-- DATA TO PROCESS follows --

(* Let $g=\sum_{\alpha\in[0,1)}m(\alpha)[\alpha]$ be an effective divisor on $[0,1)$ of degree $r\geq1$. Then the minimal number $T(g)$, over all arrangements $a_1,\ldots,a_r$ of $g$, of indices $t\in\{1,\ldots,r\}$ with $a_t\geq a_{t+1}$ (indices modulo $r$, $a_{r+1}=a_1$) equals the maximal multiplicity: $T(g)=\max_\alpha m(\alpha)$.
   Context: An arrangement of $g$ is a sequence $a_1,\ldots,a_r\in[0,1)$ in which each $\alpha$ appears exactly $m(\alpha)$ times. *)

theory Defs
  imports Complex_Main "HOL-Library.Multiset"
begin

text \<open>An effective divisor g on [0,1) is a finite multiset of reals in [0,1);
  m(alpha) = count g alpha, degree = size g.\<close>
definition effective_divisor_01 :: "real multiset \<Rightarrow> bool" where
  "effective_divisor_01 g \<longleftrightarrow> set_mset g \<subseteq> {0..<1}"

text \<open>An arrangement of g: a sequence a_1..a_r (list, 0-indexed) in which each
  alpha occurs exactly m(alpha) times.\<close>
definition arrangement :: "real multiset \<Rightarrow> real list \<Rightarrow> bool" where
  "arrangement g a \<longleftrightarrow> (\<forall>\<alpha>. count (mset a) \<alpha> = count g \<alpha>)"

definition cyclic_descents :: "real list \<Rightarrow> nat" where
  "cyclic_descents a = card {t. t < length a \<and> a ! t \<ge> a ! ((t + 1) mod length a)}"

definition T :: "real multiset \<Rightarrow> nat" where
  "T g = Min {cyclic_descents a | a. arrangement g a}"

end

theory Submission
  imports Defs
begin

text \<open>An occurrence of \<alpha> at a cyclic position is preceded either by a descent or by an
  ascent across the level \<alpha>.  Around a cycle the ascents across a level are as many as
  the descents across it, and the latter are descents ending below \<alpha>; hence every
  arrangement has at least m(\<alpha>) cyclic descents.  Conversely, writing down the layers
  {\<alpha>. m(\<alpha>) > k}, k = 0, ..., M - 1 with M = max m, each in increasing order, one after another yields an
  arrangement whose cyclic descents can only sit at the M ends of the layers.\<close>

lemma arrangement_iff_mset: "arrangement g a \<longleftrightarrow> mset a = g"
  by (simp add: arrangement_def multiset_eq_iff)

lemma card_nth_Suc_mod:
  "card {t. t < length a \<and> P (a ! ((t + 1) mod length a))} = card {t. t < length a \<and> P (a ! t)}"
proof -
  have "card {t. t < length a \<and> P (a ! ((t + 1) mod length a))}
        = card {t. t < length (rotate1 a) \<and> P (rotate1 a ! t)}"
    by (rule arg_cong[where f = card]) (auto simp: nth_rotate1)
  also have "\<dots> = length (filter P (rotate1 a))"
    by (rule length_filter_conv_card[symmetric])
  also have "\<dots> = length (filter P a)"
    by (cases a) simp_all
  finally show ?thesis
    by (simp add: length_filter_conv_card)
qed

lemma card_cyclic_crossings_eq:
  "card {t. t < length a \<and> P (a ! t) \<and> \<not> P (a ! ((t + 1) mod length a))}
   = card {t. t < length a \<and> \<not> P (a ! t) \<and> P (a ! ((t + 1) mod length a))}"
proof -
  let ?A = "{t. t < length a \<and> P (a ! t)}"
  let ?B = "{t. t < length a \<and> P (a ! ((t + 1) mod length a))}"
  have "card ?B = card ?A" by (rule card_nth_Suc_mod)
  then have "card (?A - ?B) = card (?B - ?A)"
    using card_le_sym_Diff[of ?A ?B] card_le_sym_Diff[of ?B ?A] by auto
  moreover have "?A - ?B = {t. t < length a \<and> P (a ! t) \<and> \<not> P (a ! ((t + 1) mod length a))}"
    and "?B - ?A = {t. t < length a \<and> \<not> P (a ! t) \<and> P (a ! ((t + 1) mod length a))}"
    by auto
  ultimately show ?thesis by simp
qed

lemma count_mset_le_cyclic_descents: "count (mset a) \<alpha> \<le> cyclic_descents a"
proof -
  define nxt where "nxt t = a ! ((t + 1) mod length a)" for t
  define Occ where "Occ = {t. t < length a \<and> nxt t = \<alpha>}"
  define Desc where "Desc = {t. t < length a \<and> a ! t \<ge> nxt t}"
  define Up where "Up = {t. t < length a \<and> a ! t < \<alpha> \<and> \<alpha> \<le> nxt t}"
  define Down where "Down = {t. t < length a \<and> \<alpha> \<le> a ! t \<and> nxt t < \<alpha>}"
  have "count (mset a) \<alpha> = card {t. t < length a \<and> a ! t = \<alpha>}"
    by (simp add: count_mset count_list_eq_length_filter length_filter_conv_card eq_commute)
  also have "\<dots> = card Occ"
    unfolding Occ_def nxt_def by (rule card_nth_Suc_mod[symmetric])
  also have "\<dots> \<le> card (Occ \<inter> Desc) + card Up"
  proof -
    have "Occ \<subseteq> (Occ \<inter> Desc) \<union> Up" by (auto simp: Occ_def Desc_def Up_def)
    then have "card Occ \<le> card ((Occ \<inter> Desc) \<union> Up)"
      by (rule card_mono[rotated]) (simp add: Up_def Desc_def)
    then show ?thesis
      using card_Un_le order_trans by blast
  qed
  also have "card Up = card Down"
    using card_cyclic_crossings_eq[of a "\<lambda>x. \<alpha> \<le> x"]
    by (simp add: Up_def Down_def nxt_def not_le conj_commute)
  also have "card (Occ \<inter> Desc) + card Down = card ((Occ \<inter> Desc) \<union> Down)"
    by (rule card_Un_disjoint[symmetric]) (auto simp: Occ_def Desc_def Down_def)
  also have "\<dots> \<le> card Desc"
    by (rule card_mono) (auto simp: Occ_def Desc_def Down_def)
  also have "card Desc = cyclic_descents a"
    by (simp add: Desc_def nxt_def cyclic_descents_def)
  finally show ?thesis .
qed

definition linear_descents :: "'a::linorder list \<Rightarrow> nat" where
  "linear_descents a = card {t. Suc t < length a \<and> a ! t \<ge> a ! Suc t}"

lemma finite_linear_descent_positions: "finite {t. Suc t < length a \<and> a ! t \<ge> a ! Suc t}"
  by (rule finite_subset[of _ "{..<length a}"]) auto

lemma cyclic_descents_le_Suc_linear_descents: "cyclic_descents a \<le> Suc (linear_descents a)"
proof -
  let ?L = "{t. Suc t < length a \<and> a ! t \<ge> a ! Suc t}"
  have "{t. t < length a \<and> a ! t \<ge> a ! ((t + 1) mod length a)} \<subseteq> insert (length a - 1) ?L"
    by (auto simp: less_diff_conv)
  then have "cyclic_descents a \<le> card (insert (length a - 1) ?L)"
    unfolding cyclic_descents_def
    by (rule card_mono[rotated]) (simp add: finite_linear_descent_positions)
  also have "\<dots> \<le> Suc (linear_descents a)"
    by (simp add: linear_descents_def card_insert_le_m1 card_insert_if finite_linear_descent_positions)
  finally show ?thesis .
qed

lemma linear_descents_append:
  "linear_descents (xs @ ys) \<le> linear_descents xs + linear_descents ys + 1"
proof -
  let ?X = "{t. Suc t < length xs \<and> xs ! t \<ge> xs ! Suc t}"
  let ?Y = "{t. Suc t < length ys \<and> ys ! t \<ge> ys ! Suc t}"
  have "{t. Suc t < length (xs @ ys) \<and> (xs @ ys) ! t \<ge> (xs @ ys) ! Suc t}
        \<subseteq> ?X \<union> {length xs - 1} \<union> (\<lambda>t. t + length xs) ` ?Y"
  proof
    fix t assume t: "t \<in> {t. Suc t < length (xs @ ys) \<and> (xs @ ys) ! t \<ge> (xs @ ys) ! Suc t}"
    consider "Suc t < length xs" | "Suc t = length xs" | "length xs \<le> t" by linarith
    then show "t \<in> ?X \<union> {length xs - 1} \<union> (\<lambda>t. t + length xs) ` ?Y"
    proof cases
      case 3
      then have "t = (t - length xs) + length xs" and "t - length xs \<in> ?Y"
        using t by (auto simp: nth_append Suc_diff_le)
      then show ?thesis by blast
    qed (use t in \<open>auto simp: nth_append\<close>)
  qed
  then have "linear_descents (xs @ ys) \<le> card (?X \<union> {length xs - 1} \<union> (\<lambda>t. t + length xs) ` ?Y)"
    unfolding linear_descents_def
    by (rule card_mono[rotated]) (simp add: finite_linear_descent_positions)
  also have "\<dots> \<le> card ?X + card {length xs - 1} + card ((\<lambda>t. t + length xs) ` ?Y)"
    by (meson card_Un_le add_le_mono le_refl order_trans)
  also have "\<dots> \<le> linear_descents xs + linear_descents ys + 1"
    unfolding linear_descents_def
    using card_image_le[OF finite_linear_descent_positions[of ys], of "\<lambda>t. t + length xs"]
    by simp
  finally show ?thesis .
qed

lemma linear_descents_strictly_sorted:
  assumes "sorted_wrt (<) xs"
  shows "linear_descents xs = 0"
proof -
  have "xs ! t < xs ! Suc t" if "Suc t < length xs" for t
    using sorted_wrt_nth_less[OF assms, of t "Suc t"] that by simp
  then have "{t. Suc t < length xs \<and> xs ! t \<ge> xs ! Suc t} = {}"
    by (auto dest: leD)
  then show ?thesis
    unfolding linear_descents_def by (simp only: card.empty)
qed

lemma linear_descents_concat_less:
  assumes "Ls \<noteq> []" and "\<forall>L \<in> set Ls. sorted_wrt (<) L"
  shows "linear_descents (concat Ls) < length Ls"
  using assms
proof (induction Ls)
  case (Cons L Ls)
  show ?case
  proof (cases "Ls = []")
    case True
    then show ?thesis using Cons.prems by (simp add: linear_descents_strictly_sorted)
  next
    case False
    have "linear_descents (concat (L # Ls)) \<le> linear_descents L + linear_descents (concat Ls) + 1"
      using linear_descents_append by simp
    also have "\<dots> < length (L # Ls)"
      using Cons False by (simp add: linear_descents_strictly_sorted)
    finally show ?thesis .
  qed
qed simp

lemma cyclic_descents_concat_le:
  assumes "\<forall>L \<in> set Ls. sorted_wrt (<) L"
  shows "cyclic_descents (concat Ls) \<le> length Ls"
proof (cases "Ls = []")
  case True
  then show ?thesis by (simp add: cyclic_descents_def)
next
  case False
  then show ?thesis
    using cyclic_descents_le_Suc_linear_descents[of "concat Ls"]
      linear_descents_concat_less[OF False assms] by linarith
qed

definition layers :: "'a::linorder multiset \<Rightarrow> nat \<Rightarrow> 'a list list" where
  "layers g m = map (\<lambda>k. sorted_list_of_set {x. k < count g x}) [0..<m]"

lemma count_mset_concat_layers:
  fixes g :: "'a::linorder multiset"
  shows "count (mset (concat (layers g m))) x = min (count g x) m"
proof (induction m)
  case (Suc m)
  have "finite {x. m < count g x}"
    by (rule finite_subset[of _ "set_mset g"]) (auto simp flip: count_greater_zero_iff)
  moreover have "mset (sorted_list_of_set A) = mset_set A" for A :: "'a set"
    by (metis mset_sorted_list_of_multiset sorted_list_of_mset_set)
  ultimately have "count (mset (sorted_list_of_set {x. m < count g x})) x = of_bool (m < count g x)"
    by (simp add: count_mset_set')
  then show ?case
    using Suc.IH by (auto simp: layers_def)
qed (simp add: layers_def)

lemma ex_arrangement_cyclic_descents_le:
  assumes "\<And>x. count g x \<le> m"
  shows "\<exists>a. arrangement g a \<and> cyclic_descents a \<le> m"
proof (intro exI conjI)
  show "arrangement g (concat (layers g m))"
    using assms by (simp add: arrangement_def count_mset_concat_layers min_absorb1)
  show "cyclic_descents (concat (layers g m)) \<le> m"
    using cyclic_descents_concat_le[of "layers g m"] by (simp add: layers_def)
qed

lemma cyclic_descents_le_length: "cyclic_descents a \<le> length a"
  unfolding cyclic_descents_def by (rule order_trans[OF card_mono[of "{..<length a}"]]) auto

lemma T_eq_maximal_count:
  assumes "\<And>x. count g x \<le> count g \<alpha>"
  shows "T g = count g \<alpha>"
proof -
  let ?D = "{cyclic_descents a | a. arrangement g a}"
  have lower: "count g \<alpha> \<le> d" if "d \<in> ?D" for d
    using that count_mset_le_cyclic_descents by (auto simp: arrangement_iff_mset)
  obtain a where "arrangement g a" and "cyclic_descents a \<le> count g \<alpha>"
    using ex_arrangement_cyclic_descents_le assms by blast
  then have "count g \<alpha> \<in> ?D"
    using lower by (metis (mono_tags, lifting) le_antisym mem_Collect_eq)
  moreover have "finite ?D"
    by (rule finite_subset[of _ "{..size g}"])
      (auto simp: arrangement_iff_mset intro: order_trans[OF cyclic_descents_le_length])
  ultimately show ?thesis
    unfolding T_def using lower by (intro Min_eqI) auto
qed

theorem lemma6p6:
  fixes g :: "real multiset"
  assumes "effective_divisor_01 g"
    and "size g \<ge> 1"
  shows "T g = Max {count g \<alpha> | \<alpha>. \<alpha> \<in> {0..<1}}"
proof -
  let ?S = "{count g \<alpha> | \<alpha>. \<alpha> \<in> {0..<1}}"
  have "finite ?S"
    by (rule finite_subset[of _ "{..size g}"]) (auto simp: count_le_size)
  then have "Max ?S \<in> ?S"
    by (intro Max_in) auto
  then obtain \<alpha> where "Max ?S = count g \<alpha>"
    by auto
  have "count g x \<le> count g \<alpha>" for x
  proof (cases "x \<in> {0..<1}")
    case True
    then show ?thesis
      using \<open>finite ?S\<close> \<open>Max ?S = count g \<alpha>\<close> by (metis (mono_tags, lifting) Max_ge mem_Collect_eq)
  next
    case False
    then have "x \<notin># g"
      using assms(1) unfolding effective_divisor_01_def by blast
    then show ?thesis
      by (simp add: not_in_iff)
  qed
  then show ?thesis
    using \<open>Max ?S = count g \<alpha>\<close> by (simp add: T_eq_maximal_count)
qed

end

-- DATA TO PROCESS concluded --

■ **WHAT YOU WILL DO**
Take the lines above from the one containing "then show ?thesis by blast" to the one containing "card ((\<lambda>t. t" and retype them exactly, both ends included, with nothing added.

■ **EXERCISE OUTPUT**
      then show ?thesis by blast
    qed (use t in \<open>auto simp: nth_append\<close>)
  qed
  then have "linear_descents (xs @ ys) \<le> card (?X \<union> {length xs - 1} \<union> (\<lambda>t. t + length xs) ` ?Y)"
    unfolding linear_descents_def
    by (rule card_mono[rotated]) (simp add: finite_linear_descent_positions)
  also have "\<dots> \<le> card ?X + card {length xs - 1} + card ((\<lambda>t. t + length xs) ` ?Y)"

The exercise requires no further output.